Sandhu et al. (2008) found that pushups with the hands placed on a Swiss ball significantly increased tricep and pectoralis major activity compared to normal pushups, but only during the eccentric phase. The researchers also found that serratus anterior and upper trapezius activity did not change from standard pushups to Swiss ball pushups.
Suprak (2011) found that subjects supported 69% of their bodyweight in the top position of a pushup and 75% in the bottom position of a pushup, compared to 54% and 62% for the knee pushup, respectively. This means that a pushup is harder at the bottom position than the top position.

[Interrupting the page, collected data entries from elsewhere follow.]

lemma inj_on_glue: "inj_on (\<lambda>((p, j), (a, b)). glue m j a b) (glue_domain n m)"
proof (rule inj_onI)
  fix x y
  assume "x \<in> glue_domain n m" and "y \<in> glue_domain n m"
    and "(\<lambda>((p, j), (a, b)). glue m j a b) x = (\<lambda>((p, j), (a, b)). glue m j a b) y"
  moreover obtain p j a b p' j' a' b' where xy: "x = ((p, j), (a, b))" "y = ((p', j'), (a', b'))"
    by (metis prod.collapse)
  ultimately have mem: "m < p" "j < m" "a \<in> gseqs (p - 1) j" "m < p'" "j' < m" "a' \<in> gseqs (p' - 1) j'"
    and eq: "glue m j a b = glue m j' a' b'"
    by (auto simp: mem_glue_domain)
  have props: "length a = p - 1" "Max (set a) = j" "length a' = p' - 1" "Max (set a') = j'"
    using mem(3,6) by (auto simp: gseqs_def)
  have "m \<notin> set a" "m \<notin> set a'"
    using mem(2,5) props(2,4) by (auto dest: Max_ge[OF List.finite_set])
  from glue_inj[OF this props(2,4) eq] props(1,3) mem(1,4)
  show "x = y" unfolding xy by auto
qed

lemma gseqs_eq_image_glue:
  assumes "1 \<le> n" "1 \<le> m"
  shows "gseqs n m = (\<lambda>((p, j), (a, b)). glue m j a b) ` glue_domain n m"
    (is "_ = ?F ` ?T")
proof
  show "gseqs n m \<subseteq> ?F ` ?T"
  proof
    fix s assume "s \<in> gseqs n m"
    then obtain p j a b where "m < p" "p \<le> n" "j < m" "a \<in> gseqs (p - 1) j"
      "b \<in> ewords (n - p) (m - j)" "s = glue m j a b"
      using gseqs_decompose assms by blast
    then show "s \<in> ?F ` ?T" by (intro image_eqI[of _ _ "((p, j), (a, b))"]) (auto simp: mem_glue_domain)
  qed
  show "?F ` ?T \<subseteq> gseqs n m"
  proof (rule image_subsetI)
    fix x assume "x \<in> ?T"
    moreover obtain p j a b where x: "x = ((p, j), (a, b))" by (metis prod.collapse)
    ultimately have "m < p" "p \<le> n" "j < m" "a \<in> gseqs (p - 1) j" "b \<in> ewords (n - p) (m - j)"
      by (simp_all add: mem_glue_domain)
    from glue_mem_gseqs[OF this] show "?F x \<in> gseqs n m" unfolding x by simp
  qed
qed

theorem mainTheorem7:
  fixes n m :: nat
  assumes "n \<ge> 1" and "m \<ge> 1"
  shows "gcount n m = (\<Sum>p = m+1..n. \<Sum>j = 0..<m. gcount (p - 1) j * ecount (n - p) (m - j))"
proof -
  have "gcount n m = card (gseqs n m)"
    by (simp add: gcount_def gseqs_def)
  also have "\<dots> = card (glue_domain n m)"
    unfolding gseqs_eq_image_glue[OF assms] by (rule card_image[OF inj_on_glue])
  also have "\<dots> = (\<Sum>(p, j)\<in>{m+1..n} \<times> {0..<m}. card (gseqs (p - 1) j) * card (ewords (n - p) (m - j)))"
    by (simp add: glue_domain_def card_cartesian_product finite_gseqs finite_ewords split_def)
  also have "\<dots> = (\<Sum>p = m+1..n. \<Sum>j = 0..<m. gcount (p - 1) j * ecount (n - p) (m - j))"
    by (simp add: sum.cartesian_product gcount_def ecount_def gseqs_def ewords_def)
  finally show ?thesis .
qed

end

Tucker et al. (2008) showed that pushups activate 27% MVC for the mid trapezius fibers, 36% MVC for the lower trapezius fibers, and 75% MVC for the serratus anterior muscles.
Youdas et al (2010) found that depending on the hand position, the push up activated between 73-109% MVC of the triceps brachii, 95-105% MVC of the pectoralis major, 67-87% MVC of the serratus anterior, and 11-21% MVC of the posterior deltoid musculature. The researchers also found that the narrow base position was the most effective position for increasing tricep contribution, and that the Perfect Push up™ device did not enhance muscular recruitment.